On a scale of 1 – 10, most businesses owners and sales professionals know their particular business or industry at 10 (or 11 or 12). The consumers, however, only have a knowledge level of a 1 or maybe a 2. When meeting someone in person, if the vocabulary you are using is way over their head, you can at least see the glazed look in their eyes, and hopefully realize that you’ve said something that the person you’re speaking to does not understand. In person, we can catch that and rephrase, allowing us a greater chance to complete a sale. On a website, we don’t get a chance to gauge the reader’s reaction and determine if they are confused. They can very easily hit the back button and we’ll never get the chance to serve them.

To prevent this potential pitfall, it is very important to (I hate to say it) “dumb the content down a little” on your website – meaning, write for the average reader, not the expert. When we write about our business or industry, it’s our nature to write at our knowledge level – a level of 10 or higher. We need to present our knowledge in layman’s terms and limit the acronyms used so that the average reader understands us clearly.

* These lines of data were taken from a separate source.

lemma point_range: "point S t i \<in> {-1..1}"
  unfolding point_def by (rule boost_point_range[OF oco_range])

lemma abs_prediction_le: "i \<in> {1..N} \<Longrightarrow> \<bar>lr_pred (W i) s x\<bar> \<le> 1"
  using predictions_pm1[of i s x] by auto

lemma abs_prediction_margin_le:
  "i \<in> {1..N} \<Longrightarrow> t \<in> {1..T} \<Longrightarrow> \<bar>lr_pred (W i) s (xs t) * ys t / \<gamma> - 1\<bar> \<le> 1 + 1 / \<gamma>"
  by (intro abs_margin_loss_le predictions_pm1 labels_pm1 gamma_pos)

lemma abs_point_le: "\<bar>point S t i\<bar> \<le> 1"
  using point_range[of S t i] by (simp add: abs_le_iff)

lemma abs_suffered_loss_le:
  "i \<in> {1..N} \<Longrightarrow> t \<in> {1..T} \<Longrightarrow> \<bar>suffered_loss S t i\<bar> \<le> 1 + 1 / \<gamma>"
  unfolding suffered_loss_def
  by (intro abs_boost_loss_le predictions_pm1 labels_pm1 gamma_pos point_range)

lemma boost_round_eq:
  "boost_round W A \<gamma> N (xs t) (ys t) S = pair_pmf (Pi_pmf {1..N} undefined (update S t)) (proj_pmf (vote S t))"
  unfolding boost_round_def Let_def update_def[abs_def] point_def vote_def by simp

lemma states_Suc: "states (Suc n) = states n \<bind> (\<lambda>S. Pi_pmf {1..N} undefined (update S (Suc n)))"
  by (simp add: states_def map_bind_pmf bind_map_pmf pmf.map_comp o_def case_prod_unfold
      boost_round_eq map_fst_pair_pmf)

lemma abs_payoff_le: "x \<in> set_pmf (boost_run W A \<gamma> N xs ys n) \<Longrightarrow> \<bar>snd x\<bar> \<le> (\<Sum>t=1..n. \<bar>ys t\<bar>)"
proof (induction n arbitrary: x)
  case (Suc n)
  then obtain S acc S' v where run: "(S, acc) \<in> set_pmf (boost_run W A \<gamma> N xs ys n)"
    and v: "v \<in> set_pmf (proj_pmf (vote S (Suc n)))" and x: "x = (S', acc + v * ys (Suc n))"
    by (auto simp: boost_round_eq)
  have "\<bar>v * ys (Suc n)\<bar> \<le> \<bar>ys (Suc n)\<bar>"
    using set_proj_pmf_abs_le[OF v] by (simp add: abs_mult mult_left_le_one_le)
  with Suc.IH[OF run] show ?case by (simp add: x)
qed auto

lemma expectation_payoff_Suc:
  "measure_pmf.expectation (boost_run W A \<gamma> N xs ys (Suc n)) snd =
   measure_pmf.expectation (boost_run W A \<gamma> N xs ys n) snd +
   measure_pmf.expectation (states n)
     (\<lambda>S. measure_pmf.expectation (proj_pmf (vote S (Suc n))) (\<lambda>v. v) * ys (Suc n))"
proof -
  let ?run = "boost_run W A \<gamma> N xs ys"
  define m where "m S = measure_pmf.expectation (proj_pmf (vote S (Suc n))) (\<lambda>v. v) * ys (Suc n)" for S
  have "measure_pmf.expectation (?run (Suc n)) snd =
        measure_pmf.expectation (?run n) (\<lambda>x. measure_pmf.expectation
          (pair_pmf (Pi_pmf {1..N} undefined (update (fst x) (Suc n))) (proj_pmf (vote (fst x) (Suc n))))
          (\<lambda>y. snd x + snd y * ys (Suc n)))"
    unfolding boost_run.simps
    by (subst expectation_bind_pmf[where B="\<Sum>t=1..Suc n. \<bar>ys t\<bar>"])
      (use abs_payoff_le[of _ "Suc n"] in \<open>auto simp: boost_round_eq case_prod_unfold\<close>)
  also have "\<dots> = measure_pmf.expectation (?run n) (\<lambda>x. snd x + m (fst x))"
  proof (intro Bochner_Integration.integral_cong refl)
    fix x :: "(nat \<Rightarrow> 's) \<times> real"
    show "measure_pmf.expectation (pair_pmf (Pi_pmf {1..N} undefined (update (fst x) (Suc n)))
        (proj_pmf (vote (fst x) (Suc n)))) (\<lambda>y. snd x + snd y * ys (Suc n)) = snd x + m (fst x)"
      unfolding expectation_pair_pmf_snd[where f="\<lambda>v. snd x + v * ys (Suc n)"] m_def
      by (rule expectation_affine_pmf[OF set_proj_pmf_abs_le])
  qed
  also have "\<dots> = measure_pmf.expectation (?run n) snd + measure_pmf.expectation (states n) m"
  proof -
    have "\<bar>m S\<bar> \<le> \<bar>ys (Suc n)\<bar>" for S
      unfolding m_def abs_mult
      by (intro mult_left_le_one_le abs_expectation_pmf_le set_proj_pmf_abs_le) auto
    then have "integrable (measure_pmf (?run n)) (\<lambda>x. m (fst x))"
      by (intro integrable_measure_pmf_bounded)
    moreover have "integrable (measure_pmf (?run n)) snd"
      using abs_payoff_le by (rule integrable_measure_pmf_bounded)
    ultimately show ?thesis by (simp add: states_def)
  qed
  finally show ?thesis unfolding m_def .
qed

lemma expectation_payoff:
  "measure_pmf.expectation (boost_run W A \<gamma> N xs ys n) snd =
   (\<Sum>t<n. measure_pmf.expectation (states t)
      (\<lambda>S. measure_pmf.expectation (proj_pmf (vote S (Suc t))) (\<lambda>v. v) * ys (Suc t)))"
proof (induction n)
  case (Suc n)
  then show ?case by (simp del: boost_run.simps add: expectation_payoff_Suc)
qed simp

lemma expected_margin_ge:
  assumes oco: "oco A N R B" and B: "B \<ge> 1 + 1 / \<gamma>" and A_Nil: "A [] = 0" and N: "N > 0"
    and t: "t \<in> {1..T}"
  shows "measure_pmf.expectation (states n) (\<lambda>S. measure_pmf.expectation (proj_pmf (vote S t)) (\<lambda>v. v) * ys t)
     \<ge> 1 - R / N + (1 / N) * (\<Sum>i=1..N. measure_pmf.expectation (states n) (\<lambda>S. suffered_loss S t i))"
proof -
  let ?M = "measure_pmf (states n)"
  have loss_integrable: "integrable ?M (\<lambda>S. suffered_loss S t i)" if "i \<in> {1..N}" for i
    using abs_suffered_loss_le[OF that t] by (rule integrable_measure_pmf_bounded)
  then have sum_integrable: "integrable ?M (\<lambda>S. \<Sum>i=1..N. suffered_loss S t i)"
    by auto
  have "1 - R / N + (1 / N) * (\<Sum>i=1..N. measure_pmf.expectation (states n) (\<lambda>S. suffered_loss S t i))
      = measure_pmf.expectation (states n) (\<lambda>S. 1 - R / N + (1 / N) * (\<Sum>i=1..N. suffered_loss S t i))"
    using loss_integrable sum_integrable by (simp add: Bochner_Integration.integral_sum)
  also have "\<dots> \<le>
      measure_pmf.expectation (states n) (\<lambda>S. measure_pmf.expectation (proj_pmf (vote S t)) (\<lambda>v. v) * ys t)"
  proof (rule integral_mono)
    show "integrable ?M (\<lambda>S. 1 - R / N + (1 / N) * (\<Sum>i=1..N. suffered_loss S t i))"
      using sum_integrable by simp
    have "\<bar>measure_pmf.expectation (proj_pmf (vote S t)) (\<lambda>v. v) * ys t\<bar> \<le> 1" for S
      using labels_pm1[OF t] set_proj_pmf_abs_le
      by (intro abs_mult_le_of_abs_le_one abs_expectation_pmf_le) auto
    then show "integrable ?M (\<lambda>S. measure_pmf.expectation (proj_pmf (vote S t)) (\<lambda>v. v) * ys t)"
      by (intro integrable_measure_pmf_bounded)
    show "1 - R / N + (1 / N) * (\<Sum>i=1..N. suffered_loss S t i)
        \<le> measure_pmf.expectation (proj_pmf (vote S t)) (\<lambda>v. v) * ys t" for S
      unfolding vote_def suffered_loss_def point_def
      by (rule proj_vote_margin_ge[OF oco B A_Nil N gamma_pos predictions_pm1 labels_pm1[OF t]])
  qed
  finally show ?thesis .
qed

section \<open>The run as seen by a single weak learner\<close>

lemma point_cong:
  assumes "\<And>j. j \<in> {1..<i} \<Longrightarrow> S j = S' j"
  shows "point S t i = point S' t i"
  unfolding point_def using assms by (intro boost_point_cong) auto

context
  fixes i :: nat
  assumes learner: "i \<in> {1..N}"
begin

definition prefix_update :: "(nat \<Rightarrow> 's) \<Rightarrow> nat \<Rightarrow> (nat \<Rightarrow> 's) pmf" where
  "prefix_update S t = Pi_pmf {1..<i} undefined (update S t)"

definition learner_update :: "(nat \<Rightarrow> 's) \<Rightarrow> 's \<Rightarrow> nat \<Rightarrow> 's pmf" where
  "learner_update S s t = relabel_pmf (point S t i) (ys t) \<bind> lr_upd (W i) s (xs t)"

text \<open>Joint law of the states of the learners before \<open>i\<close> and of the points \<open>p\<^sup>i\<^sub>t\<close> they
  dictate to learner \<open>i\<close>; it does not involve the randomness of learner \<open>i\<close>.\<close>
primrec prefix_run :: "nat \<Rightarrow> ((nat \<Rightarrow> 's) \<times> (nat \<Rightarrow> real)) pmf" where
  "prefix_run 0 = map_pmf (\<lambda>S. (S, \<lambda>_. 0)) (Pi_pmf {1..<i} undefined (\<lambda>j. lr_init (W j)))"
| "prefix_run (Suc n) = prefix_run n \<bind> (\<lambda>(S, \<pi>).
     map_pmf (\<lambda>S'. (S', \<pi>(Suc n := point S (Suc n) i))) (prefix_update S (Suc n)))"

text \<open>Beyond round \<open>T\<close> the labels \<open>ys t\<close> need not be \<open>\<plusminus>1\<close>, so a dummy label keeps the adversary valid.\<close>
definition label_adversary :: "(nat \<Rightarrow> real) \<Rightarrow> 'x adversary" where
  "label_adversary \<pi> h = (if length h < T
     then map_pmf (\<lambda>b. (xs (Suc (length h)), b)) (relabel_pmf (\<pi> (Suc (length h))) (ys (Suc (length h))))
     else return_pmf (xs (Suc (length h)), 1))"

Your competitors may look at the content on your site and think that you don’t know too much about the industry. However, your competitors aren’t the ones that are going to be making purchases from you – your customers are. Write your content for your customers and their knowledge level.

Creative WiFi Passwords

Today most businesses offer free WiFi internet access to their guests. WiFi is a great amenity to offer, and if you put a little creativity into it, you can also use it as a subtle marketing opportunity. Free WiFi is a good way to help pull people into your business, especially if you own a restaurant or coffee shop. One thing you may find at many businesses is that the WiFi is password protected. Depending on the internet service provider, building owner, or tenant’s agreement, a password may be required. If it is, have a little fun with the password.

For example, a coffee shop here in Green Bay changes their password every few days and it usually has a tie to the current season (such as when the password was “christmascheer”) or one of their drinks (like the “americana”). Once the password was almost commanding: “drinktea”. It worked. I ordered a pot of tea and I’ve been going back nearly weekly for coffee and tea.

If you do choose to offer WiFi, change your password every now and then and have a little fun with it. You never know, you might just get someone to make a purchase.